The problem:
Scan the entries below and extract each line with the word "lemma" in it.

Source records section start

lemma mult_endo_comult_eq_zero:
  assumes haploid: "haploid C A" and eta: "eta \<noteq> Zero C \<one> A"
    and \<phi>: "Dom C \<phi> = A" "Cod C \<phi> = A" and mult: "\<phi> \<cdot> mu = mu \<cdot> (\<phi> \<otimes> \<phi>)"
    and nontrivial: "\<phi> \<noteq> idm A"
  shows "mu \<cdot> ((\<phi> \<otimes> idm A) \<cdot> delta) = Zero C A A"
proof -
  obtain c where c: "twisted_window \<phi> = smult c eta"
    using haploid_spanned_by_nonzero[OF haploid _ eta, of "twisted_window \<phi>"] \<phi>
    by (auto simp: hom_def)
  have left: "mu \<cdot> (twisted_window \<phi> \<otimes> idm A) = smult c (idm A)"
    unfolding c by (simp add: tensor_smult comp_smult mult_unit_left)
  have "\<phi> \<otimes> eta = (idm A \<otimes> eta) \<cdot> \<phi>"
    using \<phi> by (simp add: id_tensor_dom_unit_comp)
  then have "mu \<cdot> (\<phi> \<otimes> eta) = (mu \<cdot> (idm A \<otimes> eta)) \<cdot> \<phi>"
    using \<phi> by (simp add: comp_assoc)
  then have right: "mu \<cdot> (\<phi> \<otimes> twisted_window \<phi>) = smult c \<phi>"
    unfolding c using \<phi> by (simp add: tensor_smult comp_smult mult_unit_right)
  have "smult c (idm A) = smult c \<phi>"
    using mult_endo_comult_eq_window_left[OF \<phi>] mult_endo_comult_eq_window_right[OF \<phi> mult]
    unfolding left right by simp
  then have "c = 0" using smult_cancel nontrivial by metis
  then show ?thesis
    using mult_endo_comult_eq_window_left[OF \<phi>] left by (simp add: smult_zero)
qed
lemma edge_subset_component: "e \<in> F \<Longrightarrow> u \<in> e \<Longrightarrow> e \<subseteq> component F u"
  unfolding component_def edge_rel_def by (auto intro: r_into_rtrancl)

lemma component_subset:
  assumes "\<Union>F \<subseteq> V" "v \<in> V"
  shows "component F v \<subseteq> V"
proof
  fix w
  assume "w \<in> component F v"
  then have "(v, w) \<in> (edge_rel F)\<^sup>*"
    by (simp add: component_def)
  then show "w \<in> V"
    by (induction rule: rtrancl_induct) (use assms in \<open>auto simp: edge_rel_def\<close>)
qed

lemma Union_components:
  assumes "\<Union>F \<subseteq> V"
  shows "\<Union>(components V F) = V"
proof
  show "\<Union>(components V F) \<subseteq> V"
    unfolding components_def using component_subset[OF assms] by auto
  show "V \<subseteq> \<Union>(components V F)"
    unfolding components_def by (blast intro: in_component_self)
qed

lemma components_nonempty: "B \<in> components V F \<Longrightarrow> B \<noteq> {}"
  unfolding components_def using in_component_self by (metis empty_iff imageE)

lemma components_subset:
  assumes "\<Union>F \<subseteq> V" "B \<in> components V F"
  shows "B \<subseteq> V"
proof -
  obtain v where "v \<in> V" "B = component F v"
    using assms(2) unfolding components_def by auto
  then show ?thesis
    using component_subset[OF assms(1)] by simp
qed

Source records section end
Source records section start

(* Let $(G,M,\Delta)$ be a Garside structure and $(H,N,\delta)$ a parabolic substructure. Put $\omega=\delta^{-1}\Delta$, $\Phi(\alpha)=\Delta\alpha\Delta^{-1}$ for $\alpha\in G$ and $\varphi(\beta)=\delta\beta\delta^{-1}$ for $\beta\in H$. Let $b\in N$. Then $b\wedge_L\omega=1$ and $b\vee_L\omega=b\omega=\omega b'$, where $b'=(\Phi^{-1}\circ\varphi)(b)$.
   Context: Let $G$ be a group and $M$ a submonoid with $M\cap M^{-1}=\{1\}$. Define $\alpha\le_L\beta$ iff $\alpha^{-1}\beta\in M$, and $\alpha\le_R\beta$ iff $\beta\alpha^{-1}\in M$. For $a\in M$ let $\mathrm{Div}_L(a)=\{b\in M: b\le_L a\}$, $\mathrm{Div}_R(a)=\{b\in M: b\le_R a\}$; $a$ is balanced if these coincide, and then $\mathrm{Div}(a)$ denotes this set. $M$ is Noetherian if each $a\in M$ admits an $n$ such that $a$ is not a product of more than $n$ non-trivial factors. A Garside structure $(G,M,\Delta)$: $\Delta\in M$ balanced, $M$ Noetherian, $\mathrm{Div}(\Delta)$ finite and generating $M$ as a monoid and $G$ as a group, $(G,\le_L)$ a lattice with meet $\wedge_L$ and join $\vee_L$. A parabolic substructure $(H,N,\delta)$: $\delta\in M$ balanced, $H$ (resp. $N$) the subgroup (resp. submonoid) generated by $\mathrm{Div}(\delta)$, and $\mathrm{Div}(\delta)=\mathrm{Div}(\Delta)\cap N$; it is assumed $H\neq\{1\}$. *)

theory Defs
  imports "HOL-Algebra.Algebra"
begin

Source records section end

Response area:
lemma mult_endo_comult_eq_zero:
lemma edge_subset_component: "e \<in> F \<Longrightarrow> u \<in> e \<Longrightarrow> e \<subseteq> component F u"
lemma component_subset:
lemma Union_components:
lemma components_nonempty: "B \<in> components V F \<Longrightarrow> B \<noteq> {}"
lemma components_subset:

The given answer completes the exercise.